Cette démission a finalement eu lieu – mais pas avant août 2020, après une explosion massive à Beyrouth, causée par plus de 2 700 tonnes de nitrate d’ammonium mal stocké, a tué des centaines, blessé des milliers et laissé des centaines de milliers de sans-abri. L’explosion a également détruit le principal silo à céréales du Liban, laissant le pays avec moins d’un mois de réserves à l’époque. Il a également détruit la zone portuaire de Beyrouth, qui traitait environ 70 pour cent des importations alimentaires dans un pays qui importe environ 85 pour cent de sa nourriture.

Malgré l’indignation populaire qui a poussé l’ancien gouvernement libanais à démissionner, il y a des signes que la nouvelle administration, dirigée par Najib Mikati, un milliardaire et l’homme le plus riche du Liban, sera davantage la même.
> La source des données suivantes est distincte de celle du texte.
text \<open>Closed form of the minimum: it is attained at i = l mod m + 1 if a carry is possible
  and at i = 0 otherwise.\<close>

lemma g_order_eq:
  assumes kl: "k \<le> l" and m: "m > 0"
  shows "g_order m l k + (l - k) div m + (if can_carry m l k then 1 else 0) = l div m"
proof -
  define i0 where "i0 = (if can_carry m l k then l mod m + 1 else 0)"
  have i0k: "i0 \<le> k" by (simp add: i0_def can_carry_def)
  have carry_i0: "(if l mod m < i0 mod m then 1 else 0) = (if can_carry m l k then 1 else 0 :: nat)"
    by (auto simp: i0_def can_carry_def)
  have carry_le: "(if l mod m < i mod m then 1 else 0) \<le> (if can_carry m l k then 1 else 0 :: nat)"
    if "i \<le> k" for i
  proof (cases "l mod m < i mod m")
    case True
    have "i mod m \<le> i" "i mod m < m" using m by (simp_all add: mod_less_eq_dividend)
    then have "can_carry m l k" using True that unfolding can_carry_def by linarith
    then show ?thesis by simp
  qed simp
  have "g_order m l k = h_order m l k i0"
    unfolding g_order_def
  proof (rule Min_eqI)
    fix y assume "y \<in> h_order m l k ` {0..k}"
    then obtain i where i: "i \<le> k" "y = h_order m l k i" by auto
    show "h_order m l k i0 \<le> y"
      using h_order_eq[OF i(1) kl m] h_order_eq[OF i0k kl m] carry_i0 carry_le[OF i(1)] i(2)
      by linarith
  qed (use i0k in simp_all)
  then show ?thesis using h_order_eq[OF i0k kl m] carry_i0 by simp
qed

text \<open>From k-1 to k the term (l - k) div m drops by one iff m divides l-k+1; this raises the
  minimum unless a carry becomes possible at the same time, which happens iff moreover m > k.\<close>

lemma can_carry_step:
  fixes m l k :: nat
  assumes m: "m > 0" and k1: "1 \<le> k" and kl: "k \<le> l"
  shows "(if m dvd (l - k + 1) then 1 else 0) + (if can_carry m l (k - 1) then 1 else 0)
       = (if m dvd (l - k + 1) \<and> m \<le> k then 1 else 0) + (if can_carry m l k then 1 else (0::nat))"
proof (cases "l mod m + 1 = k \<and> k < m")
  case True
  have "l - k + 1 = l - l mod m" using True kl by linarith
  then have "m dvd (l - k + 1)" by (simp add: minus_mod_eq_mult_div)
  then show ?thesis using True by (auto simp: can_carry_def)
next
  case False
  have "\<not> (m dvd (l - k + 1) \<and> k < m)"
  proof
    assume dvd_km: "m dvd (l - k + 1) \<and> k < m"
    have "l - k + 1 = l - (k - 1)" using k1 kl by simp
    then have "l mod m = (k - 1) mod m"
      using dvd_km kl mod_eq_dvd_iff_nat[of "k - 1" l m] by simp
    also have "\<dots> = k - 1" using dvd_km by (intro mod_less) linarith
    finally show False using False dvd_km k1 by simp
  qed
  then show ?thesis using False k1 by (auto simp: can_carry_def not_less)
qed

lemma g_order_step:
  assumes k1: "1 \<le> k" and kl: "k \<le> l"
  shows "g_order m l k = g_order m l (k - 1) + (if m dvd (l - k + 1) \<and> 1 \<le> m \<and> m \<le> k then 1 else 0)"
proof (cases "m = 0")
  case True then show ?thesis by (simp add: g_order_0)
next
  case False
  then have m: "m > 0" by simp
  have "l - (k - 1) = l - k + 1" "k - 1 \<le> l" using k1 kl by simp_all
  note previous = g_order_eq[OF this(2) m, unfolded this(1)]
  have new_multiple: "(l - k + 1) div m = (l - k) div m + (if m dvd (l - k + 1) then 1 else 0)"
    using Suc_div_eq[of "l - k" m] by simp
  have "(if m dvd (l - k + 1) \<and> 1 \<le> m \<and> m \<le> k then 1 else 0)
      = (if m dvd (l - k + 1) \<and> m \<le> k then 1 else (0::nat))"
    using m by simp
  then show ?thesis
    using g_order_eq[OF kl m] previous new_multiple can_carry_step[OF m k1 kl] by linarith
qed


section \<open>The multiplicities of g(l,k) and the main theorem\<close>

lemma g_dvd_h: "i \<le> k \<Longrightarrow> g l k dvd h l k i"
  unfolding g_def by (intro Gcd_dvd) simp

lemma g_nonzero: "k \<le> l \<Longrightarrow> g l k \<noteq> 0"
  using g_dvd_h[of 0 k l] h_nonzero[of 0 k l] by auto

text \<open>g(l,k) divides the monic h(l,k,0), so its leading coefficient is a unit of Z.\<close>

lemma lead_coeff_g: "k \<le> l \<Longrightarrow> lead_coeff (g l k) \<in> {1, -1}"
proof -
  assume kl: "k \<le> l"
  obtain r where "h l k 0 = g l k * r" using g_dvd_h[of 0 k l] by blast
  then have "lead_coeff (g l k) * lead_coeff r = 1"
    using h_monic[of 0 k l] kl by (simp add: lead_coeff_mult)
  then show ?thesis using zmult_eq_1_iff by auto
qed

text \<open>Lower bound: the monic integer polynomial whose complex roots are those of order
  m <= l with multiplicity g_order m l k divides every h(l,k,i), hence g(l,k).\<close>

lemma g_order_le_order_g:
  assumes kl: "k \<le> l"
  shows "g_order (root_order z) l k \<le> order z (cpoly (g l k))"
proof -
  define P where "P = (\<Prod>m\<in>{1..l}. cyclotomic m ^ g_order m l k)"
  have "P \<in> range cpoly"
    unfolding P_def
    by (intro prod_in_range_cpoly power_in_range_cpoly cyclotomic_in_range_cpoly) simp
  then obtain P0 where P0: "cpoly P0 = P" by auto
  have "of_int (lead_coeff P0) = (1 :: complex)"
    using arg_cong[OF P0, of lead_coeff] by (simp add: P_def lead_coeff_prod lead_coeff_power)
  then have monic: "lead_coeff P0 = 1" by simp
  have order_P: "order w P = g_order (root_order w) l k" for w
    using order_prod_cyclotomic[of "{1..l}" w "\<lambda>m. g_order m l k"] g_order_0 g_order_large[OF kl]
    by (cases "root_order w = 0") (auto simp: P_def not_le)
  have "P0 dvd h l k i" if i: "i \<le> k" for i
  proof (rule monic_dvd_if_cpoly_dvd[OF monic])
    show "cpoly P0 dvd cpoly (h l k i)"
      unfolding P0
    proof (rule complex_poly_dvd_by_order)
      show "P \<noteq> 0" by (simp add: P_def)
      show "cpoly (h l k i) \<noteq> 0" using h_nonzero[OF i kl] by simp
      show "order w P \<le> order w (cpoly (h l k i))" for w
        unfolding order_P order_h[OF i kl] by (rule g_order_le[OF i])
    qed
  qed
  then have "P0 dvd g l k" unfolding g_def by (intro Gcd_greatest) auto
  then have "P dvd cpoly (g l k)" unfolding P0[symmetric] by (rule cpoly_dvd)
  then show ?thesis
    using dvd_imp_order_le[of "cpoly (g l k)" P z] g_nonzero[OF kl] order_P by simp
qed

text \<open>Upper bound: g(l,k) divides the h(l,k,i) at which the minimum is attained.\<close>

lemma order_g:
  assumes kl: "k \<le> l"
  shows "order z (cpoly (g l k)) = g_order (root_order z) l k"
proof -
  obtain i where i: "i \<le> k" "g_order (root_order z) l k = h_order (root_order z) l k i"
    using g_order_attained by blast
  have "cpoly (g l k) dvd cpoly (h l k i)" using g_dvd_h[OF i(1)] by (rule cpoly_dvd)
  then have "order z (cpoly (g l k)) \<le> order z (cpoly (h l k i))"
    using h_nonzero[OF i(1) kl] by (intro dvd_imp_order_le) simp_all
  then show ?thesis using i order_h[OF i(1) kl] g_order_le_order_g[OF kl, of z] by simp
qed

text \<open>Both sides are nonzero with leading coefficient a sign, and their multiplicities at
  a root of order m agree by the increment formula for g_order.\<close>

theorem mainTheorem5:
  fixes l k :: nat
  assumes "1 \<le> k" and "k \<le> l"
  shows "\<exists>u::int. (u = 1 \<or> u = -1) \<and>
           map_poly of_int (g l k) =
           smult (of_int u) (map_poly of_int (g l (k - 1)) *
              (\<Prod>m\<in>{m. m dvd (l - k + 1) \<and> 1 \<le> m \<and> m \<le> k}. cyclotomic m))"
proof -
  define S where "S = {m. m dvd (l - k + 1) \<and> 1 \<le> m \<and> m \<le> k}"
  have S: "finite S" "0 \<notin> S" unfolding S_def by (auto intro: finite_subset[of _ "{1..k}"])
  have kl': "k - 1 \<le> l" using assms by simp
  have "\<exists>u::int. (u = 1 \<or> u = -1) \<and>
      cpoly (g l k) = smult (of_int u) (cpoly (g l (k - 1)) * (\<Prod>m\<in>S. cyclotomic m))"
  proof (rule complex_poly_eq_up_to_sign)
    show "cpoly (g l k) \<noteq> 0" "lead_coeff (cpoly (g l k)) \<in> {1, -1}"
      using g_nonzero[OF assms(2)] lead_coeff_g[OF assms(2)] by auto
    show "cpoly (g l (k - 1)) * (\<Prod>m\<in>S. cyclotomic m) \<noteq> 0"
      "lead_coeff (cpoly (g l (k - 1)) * (\<Prod>m\<in>S. cyclotomic m)) \<in> {1, -1}"
      using g_nonzero[OF kl'] lead_coeff_g[OF kl'] S
      by (auto simp: lead_coeff_mult lead_coeff_prod)
    show "order z (cpoly (g l k)) = order z (cpoly (g l (k - 1)) * (\<Prod>m\<in>S. cyclotomic m))" for z
      using order_g[OF assms(2)] order_g[OF kl'] g_order_step[OF assms]
        order_prod_cyclotomic[OF S, where e = "\<lambda>_. 1"] g_nonzero[OF kl'] S
      by (simp add: order_mult S_def)
  qed
  then show ?thesis unfolding S_def .
qed

end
Mikati, qui est maintenant Premier ministre, a déjà occupé ce poste à deux reprises, ce qui signifie qu’il vient du système exact qui a plongé le pays dans son bouleversement actuel.

Ce gouvernement, comme Faysal Itani, professeur adjoint de politique et de sécurité au Moyen-Orient à l’Université de Georgetown, l’a écrit pour Vox l’année dernière, est profondément enraciné, ce qui le rend difficile à changer, malgré ses nombreux problèmes évidents. Comme Itani l’explique :

Le système politique libanais est le produit d’un accord de partage du pouvoir vieux de plusieurs décennies entre les dirigeants des 18 sectes religieuses du Liban, les plus importantes étant les musulmans sunnites et chiites et les chrétiens maronites. Ce système, connu sous le nom de confessionnalisme, répartissait le pouvoir politique selon des quotas sectaires, chaque secte étant généralement dirigée par un ou plusieurs membres de familles politiques éminentes.

Malgré le manque de services publics et la corruption flagrante de ceux qui détiennent le pouvoir, les politiciens libanais se sont généralement montrés habiles à jouer sur les conflits sectaires et à faire juste ce qu’il fallait pour satisfaire leurs électeurs.

Cependant, la profondeur des crises actuelles au Liban, illustrée par l’effondrement pur et simple du réseau électrique public samedi, signifie que le statu quo des gouvernements libanais précédents pourrait ne pas être suffisant pour l’avenir. Déjà, Mikati, le nouveau Premier ministre, s’est engagé à mettre fin à la crise du carburant et à reprendre les pourparlers avec le FMI pour soutenir l’économie, une bouée de sauvetage potentielle pour le Liban – s’il tient sa promesse.